You can run additional requests against the predictor:

new_input = {
“inputs”: “What is Amazon doing in Generative AI?”,
“parameters”: {“max_new_tokens”: 64, “top_p”: 0.8, “temperature”: 0.7},
}

prediction = predictor.predict(new_input)
print(prediction)

Implement guardrails and run inference with your SageMaker JumpStart predictor
Similar to Amazon Bedrock, you can also use the ApplyGuardrail API with your SageMaker JumpStart predictor.

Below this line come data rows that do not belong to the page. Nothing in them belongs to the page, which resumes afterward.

text \<open>Pure steps of a thread are the same steps of
  its actor, since the translation commutes with substitution, and fork and newCh become spawns.
  A give becomes a send of \<open>inl V\<close> to the channel actor, whose loop receives it and appends it to
  its list of values. A take becomes self, a send of \<open>inr pid\<close> and a receive; the channel actor
  appends the pid to its list of waiting pids, and drain at once pairs it with the head value and
  sends that value back. Hence after every emulated step the channel actor has no waiting pids and
  is again the translation of a buffer. The fresh actor names chosen by the translation of threads
  are matched up to alpha-conversion and scope extrusion.\<close>

lemma act_lift_lift:
  "\<And>k j. k \<le> j \<Longrightarrow> acv_lift (Suc j) (acv_lift k V) = acv_lift k (acv_lift j V)"
  "\<And>k j. k \<le> j \<Longrightarrow> actm_lift (Suc j) (actm_lift k M) = actm_lift k (actm_lift j M)"
  by (induct V and M rule: acv.induct actm.induct) auto

lemma act_subst_lift_cancel:
  "\<And>k U. acv_subst k U (acv_lift k V) = V"
  "\<And>k U. actm_subst k U (actm_lift k M) = M"
  by (induct V and M rule: acv.induct actm.induct) auto

lemma act_subst_lift_commute:
  "\<And>k j U. j \<le> k \<Longrightarrow> acv_subst (Suc k) (acv_lift j U) (acv_lift j V) = acv_lift j (acv_subst k U V)"
  "\<And>k j U. j \<le> k \<Longrightarrow> actm_subst (Suc k) (acv_lift j U) (actm_lift j M) = actm_lift j (actm_subst k U M)"
  by (induct V and M rule: acv.induct actm.induct) (auto simp: act_lift_lift[of 0, symmetric])

lemma act_fn_lift [simp]:
  "\<And>k. acv_fn (acv_lift k V) = acv_fn V"
  "\<And>k. actm_fn (actm_lift k M) = actm_fn M"
  by (induct V and M rule: acv.induct actm.induct) auto

lemma finite_act_fn [simp]: "finite (acv_fn V)" "finite (actm_fn M)"
  by (induct V and M rule: acv.induct actm.induct) auto

lemma act_swap_lift:
  "\<And>k. acv_swap a b (acv_lift k V) = acv_lift k (acv_swap a b V)"
  "\<And>k. actm_swap a b (actm_lift k M) = actm_lift k (actm_swap a b M)"
  by (induct V and M rule: acv.induct actm.induct) auto

lemma act_swap_fresh:
  "a \<notin> acv_fn V \<Longrightarrow> b \<notin> acv_fn V \<Longrightarrow> acv_swap a b V = V"
  "a \<notin> actm_fn M \<Longrightarrow> b \<notin> actm_fn M \<Longrightarrow> actm_swap a b M = M"
  by (induct V and M rule: acv.induct actm.induct) (auto simp: swap_name_def)

lemma act_fn_swap:
  "acv_fn (acv_swap a b V) = swap_name a b ` acv_fn V"
  "actm_fn (actm_swap a b M) = swap_name a b ` actm_fn M"
  by (induct V and M rule: acv.induct actm.induct) (auto simp: image_Un)

lemma finite_ch_fn [simp]: "finite (chv_fn V)" "finite (cht_fn M)"
  by (induct V and M rule: chv.induct cht.induct) auto

lemma ch_fn_lift [simp]:
  "\<And>k. chv_fn (chv_lift k V) = chv_fn V"
  "\<And>k. cht_fn (cht_lift k M) = cht_fn M"
  by (induct V and M rule: chv.induct cht.induct) auto

lemma ch_fn_subst:
  "\<And>k U. chv_fn (chv_subst k U V) \<subseteq> chv_fn U \<union> chv_fn V"
  "\<And>k U. cht_fn (cht_subst k U M) \<subseteq> chv_fn U \<union> cht_fn M"
  by (induct V and M rule: chv.induct cht.induct) (auto, (metis UnE ch_fn_lift(1) subsetD)+)

lemma fresh_name_notin: "finite S \<Longrightarrow> fresh_name S \<notin> S"
  unfolding fresh_name_def by (metis LeastI_ex ex_new_if_finite infinite_UNIV_nat)

lemma obtain_fresh_name:
  assumes "\<And>c :: name. c \<notin> S \<Longrightarrow> thesis" and "finite S"
  shows thesis
  using assms ex_new_if_finite infinite_UNIV_nat by blast

section \<open>The translation commutes with the syntactic operations\<close>

lemmas a_code_defs = a_body_def a_append_def a_drain_def a_nil_def a_cons_def

lemma tr_lift:
  "\<And>k. tr_v (chv_lift k V) = acv_lift k (tr_v V)"
  "\<And>k. tr_t (cht_lift k M) = actm_lift k (tr_t M)"
  by (induct V and M rule: chv.induct cht.induct) (auto simp: act_lift_lift a_code_defs)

You can create a guardrail using the Amazon Bedrock console or the API, and implement it as shown in the following code:

import boto3
import json
bedrock_runtime = boto3.client(‘bedrock-runtime’)
sagemaker_runtime = boto3.client(‘sagemaker-runtime’)

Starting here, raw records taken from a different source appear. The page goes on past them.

text \<open>Let \<open>m = i\<^sub>1 - 1\<close>. For a permutation \<open>\<pi>\<close>, a cell \<open>(v, c)\<close> lies in the shadow of \<open>\<pi>\<close> if
  some occurrence of the labels \<open>m+1..k\<close> (the isolated ones constraining only positions) lies
  strictly to the right of column \<open>c\<close> with all its non-isolated entries above row \<open>v\<close>. The shadow
  is a down-set, and it is determined by the points of \<open>\<pi>\<close> outside it, because an occurrence can
  be pushed north-east until its non-isolated entries leave the shadow. Group permutations by
  their shadow together with the points outside it: within a class the remaining points,
  compressed to the free rows and columns, run exactly through the transversals of a Ferrers
  board. As every label of \<open>[m]\<close> lies below every non-isolated label above \<open>m\<close>, \<open>\<pi>\<close> contains \<open>p\<close>
  iff the occurrence of its lower part can be placed inside the shadow, i.e. iff the transversal
  contains \<open>I\<^sub>p\<close>. The classes depend on \<open>J\<^sub>p = J\<^sub>p\<^sub>'\<close> only, so shape-Wilf-equivalence of
  \<open>I\<^sub>p\<close> and \<open>I\<^sub>p\<^sub>'\<close> gives equal numbers of avoiders in every class. When \<open>i\<^sub>1 = 1\<close> there is no
  lower part and \<open>p = p'\<close>.\<close>

definition ith_smallest :: "nat set \<Rightarrow> nat \<Rightarrow> nat" where
  "ith_smallest S i = sorted_list_of_set S ! (i - 1)"

lemma bij_betw_ith_smallest:
  assumes "finite S"
  shows "bij_betw (ith_smallest S) {1..card S} S"
proof -
  have "bij_betw (\<lambda>i. i - 1) {1..card S} {..<card S}"
    by (rule bij_betw_byWitness[where f' = Suc]) (auto simp: image_iff)
  moreover have "bij_betw ((!) (sorted_list_of_set S)) {..<card S} S"
    by (rule bij_betw_nth) (simp_all add: assms)
  ultimately have "bij_betw ((!) (sorted_list_of_set S) \<circ> (\<lambda>i. i - 1)) {1..card S} S"
    by (rule bij_betw_trans)
  then show ?thesis
    unfolding ith_smallest_def[abs_def] comp_def .
qed

lemma strict_mono_on_ith_smallest:
  assumes "finite S"
  shows "strict_mono_on {1..card S} (ith_smallest S)"
  unfolding ith_smallest_def
  by (rule strict_mono_onI, rule sorted_wrt_nth_less[OF strict_sorted_list_of_set])
    (auto simp: assms)

lemma strict_mono_on_atLeastAtMost_iff:
  fixes f :: "nat \<Rightarrow> 'a::order"
  shows "strict_mono_on {1..m} f \<longleftrightarrow> (\<forall>a b. 1 \<le> a \<longrightarrow> a < b \<longrightarrow> b \<le> m \<longrightarrow> f a < f b)"
proof
  show "\<forall>a b. 1 \<le> a \<longrightarrow> a < b \<longrightarrow> b \<le> m \<longrightarrow> f a < f b" if "strict_mono_on {1..m} f"
  proof (intro allI impI)
    fix a b :: nat assume "1 \<le> a" "a < b" "b \<le> m"
    then show "f a < f b" by (intro strict_mono_onD[OF that]) auto
  qed
qed (auto intro: strict_mono_onI)

lemma ex_sorted_values:
  fixes w :: "nat \<Rightarrow> nat"
  assumes "inj_on w {1..m}"
  shows "\<exists>r \<sigma>. strict_mono_on {1..m} r \<and> r ` {1..m} = w ` {1..m}
    \<and> (\<forall>b\<in>{1..m}. \<sigma> b \<in> {1..m} \<and> r (\<sigma> b) = w b)"
proof -
  let ?W = "w ` {1..m}"
  let ?r = "ith_smallest ?W"
  have card: "card ?W = m"
    using card_image[OF assms] by simp
  then have bij: "bij_betw ?r {1..m} ?W"
    using bij_betw_ith_smallest[of ?W] by simp
  show ?thesis
  proof (intro exI conjI ballI)
    show "strict_mono_on {1..m} ?r"
      using strict_mono_on_ith_smallest[of ?W] card by simp
    show "?r ` {1..m} = ?W"
      using bij by (simp add: bij_betw_def)
    fix b assume "b \<in> {1..m}"
    then have "w b \<in> ?W"
      by simp
    then show "inv_into {1..m} ?r (w b) \<in> {1..m}" "?r (inv_into {1..m} ?r (w b)) = w b"
      using bij_betw_apply[OF bij_betw_inv_into[OF bij]] bij_betw_inv_into_right[OF bij] by simp_all
  qed
qed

# Add your guardrail identifier and version created from Bedrock Console or AWSCLI
guardrail_id = “” # Your Guardrail ID
guardrail_version = “” # Your Guardrail Version
endpoint_name = “” # Endpoint Name

prompt = “What’s 1+1 equal?”

# Apply guardrail to input before sending to model
input_guardrail_response = bedrock_runtime.apply_guardrail(
guardrailIdentifier=guardrail_id,
guardrailVersion=guardrail_version,
source=’INPUT’,
content=[{ “text”: { “text”: prompt }}]
)

# If input guardrail passes, proceed with model inference
if input_guardrail_response[‘action’] != ‘GUARDRAIL_INTERVENED’:
# Prepare the input for the SageMaker endpoint
template = f”””You are an AI assistant. Do as the user asks.
### Instruction: {prompt}
### Response: <think>”””

input_payload = {
“inputs”: template,
“parameters”: {
“max_new_tokens”: 1000,
“top_p”: 0.9,
“temperature”: 0.6
}
}

# Convert the payload to JSON string
input_payload_json = json.dumps(input_payload)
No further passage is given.